lemma condensates_of_hop:
  assumes x: "x \<in> modes n" and y: "y \<in> modes n" "y \<noteq> 0" and pos: "0 < v (xor x y)"
    and hop: "hop y x v \<in> condensates n l r"
  shows "v \<in> condensates n l (Suc r)"
proof -
  have outside: "v w = 0" if "w \<notin> modes n" for w
  proof -
    have "w \<noteq> x" "w \<noteq> xor x y"
      using that x xor_in_modes[OF x y(1)] by auto
    then have "v w = hop y x v w"
      by (simp add: hop_def)
    with hop that show ?thesis
      by (simp add: condensates_def configs_def)
  qed
  have "v \<in> configs n l"
    using hop outside sum_hop[of x n y v] x y pos by (simp add: condensates_def configs_def)
  moreover have "hop y x v 0 \<le> v 0 + 1"
    using y(2) by (auto simp: hop_apply_zero)
  ultimately show ?thesis
    using hop by (simp add: condensates_def) arith
qed

lemma Gt_vanishes_outside_condensates:
  assumes y: "y \<in> modes n" "y \<noteq> 0"
    and vanish: "\<And>u. u \<notin> condensates n l r \<Longrightarrow> \<phi> u = 0"
    and v: "v \<notin> condensates n l (Suc r)"
  shows "Gt n l y \<phi> v = 0"
proof -
  have "of_real (hop_coef y x v) * \<phi> (hop y x v) = 0" if x: "x \<in> modes n" for x
  proof (cases "0 < v (xor x y) \<and> hop y x v \<in> condensates n l r")
    case True
    then show ?thesis
      using condensates_of_hop[OF x y] v by blast
  next
    case False
    then show ?thesis
      using vanish by (auto simp: hop_coef_def)
  qed
  then have "(\<Sum>x\<in>modes n. of_real (hop_coef y x v) * \<phi> (hop y x v)) = 0"
    by (rule sum.neutral[rule_format])
  then show ?thesis
    using y(2) by (simp add: Gt_eq_hop_sum)
qed

lemma snorm_Ht_le:
  assumes y: "y \<in> modes n" "y \<noteq> 0"
    and vanish: "\<And>u. u \<notin> condensates n l r \<Longrightarrow> \<phi> u = 0"
  shows "snorm n l (Ht n l y \<phi>) \<le> (9 * real r + 9) * snorm n l \<phi>"
proof (cases "l = 0")
  case True
  then have "Ht n l y \<phi> = (\<lambda>_. 0)"
    by (simp add: Ht_def fun_eq_iff)
  then show ?thesis
    using snorm_nonneg[of n l \<phi>] by (simp add: snorm_def)
next
  case False
  have "in_sector n l \<phi>"
    using vanish by (auto simp: in_sector_def condensates_def)
  then have "Ht n l y \<phi> = (\<lambda>v. Gt n l y (Gt n l y \<phi>) v - \<phi> v)"
    using Ht_eq_Gt_Gt[OF y(1)] False by auto
  then have "snorm n l (Ht n l y \<phi>) \<le> snorm n l (Gt n l y (Gt n l y \<phi>)) + snorm n l \<phi>"
    by (simp only: snorm_diff_le)
  moreover have "snorm n l (Gt n l y (Gt n l y \<phi>)) \<le> Gbound (Suc r) * (Gbound r * snorm n l \<phi>)"
    using snorm_Gt_le[OF y Gt_vanishes_outside_condensates[OF y vanish]]
      mult_left_mono[OF snorm_Gt_le[OF y vanish] Gbound_nonneg]
    by (rule order_trans)
  ultimately have "snorm n l (Ht n l y \<phi>) \<le> (Gbound (Suc r) * Gbound r + 1) * snorm n l \<phi>"
    by (simp add: algebra_simps)
  also have "\<dots> \<le> (9 * real r + 9) * snorm n l \<phi>"
    by (rule mult_right_mono[OF Gbound_succ_mult_le snorm_nonneg])
  finally show ?thesis .
qed

lemma Con_vanishes: "u \<notin> condensates n l r \<Longrightarrow> Con n l r \<psi> u = 0"
  by (auto simp: Con_def condensates_def)

lemma snorm_Con_le: "snorm n l (Con n l r \<psi>) \<le> snorm n l \<psi>"
  by (rule snorm_mono) (simp add: Con_def)

lemma opnorm_comp_Con_le:
  assumes "0 \<le> C"
    and "\<And>\<phi>. (\<And>u. u \<notin> condensates n l r \<Longrightarrow> \<phi> u = 0) \<Longrightarrow> snorm n l (A \<phi>) \<le> C * snorm n l \<phi>"
  shows "opnorm n l (A \<circ> Con n l r) \<le> C"
proof (rule opnorm_le)
  fix \<psi> assume "snorm n l \<psi> \<le> 1"
  with snorm_Con_le have "snorm n l (Con n l r \<psi>) \<le> 1"
    by (rule order_trans)
  then have "C * snorm n l (Con n l r \<psi>) \<le> C"
    using assms(1) by (rule mult_left_le)
  with assms(2)[OF Con_vanishes] show "snorm n l ((A \<circ> Con n l r) \<psi>) \<le> C"
    unfolding comp_apply by (rule order_trans)
qed

theorem mainTheorem11:
  fixes n l r y :: nat
  assumes "y \<in> modes n" and "y \<noteq> 0"
  shows "opnorm n l (Gt n l y \<circ> Con n l r) \<le> sqrt (real r) + sqrt (2 + 4 * real r)
     \<and> opnorm n l (Ht n l y \<circ> Con n l r) \<le> 9 * real r + 9"
  using opnorm_comp_Con_le[OF Gbound_nonneg snorm_Gt_le[OF assms]]
    opnorm_comp_Con_le[OF _ snorm_Ht_le[OF assms]]
  by (simp add: Gbound_def)

end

# # # # #

What to produce -> Check the listing for the word "thesis". Show each line that has it.

Task output ->
    with hop that show ?thesis
  ultimately show ?thesis
    then show ?thesis
    then show ?thesis
  then show ?thesis
  then show ?thesis
  finally show ?thesis .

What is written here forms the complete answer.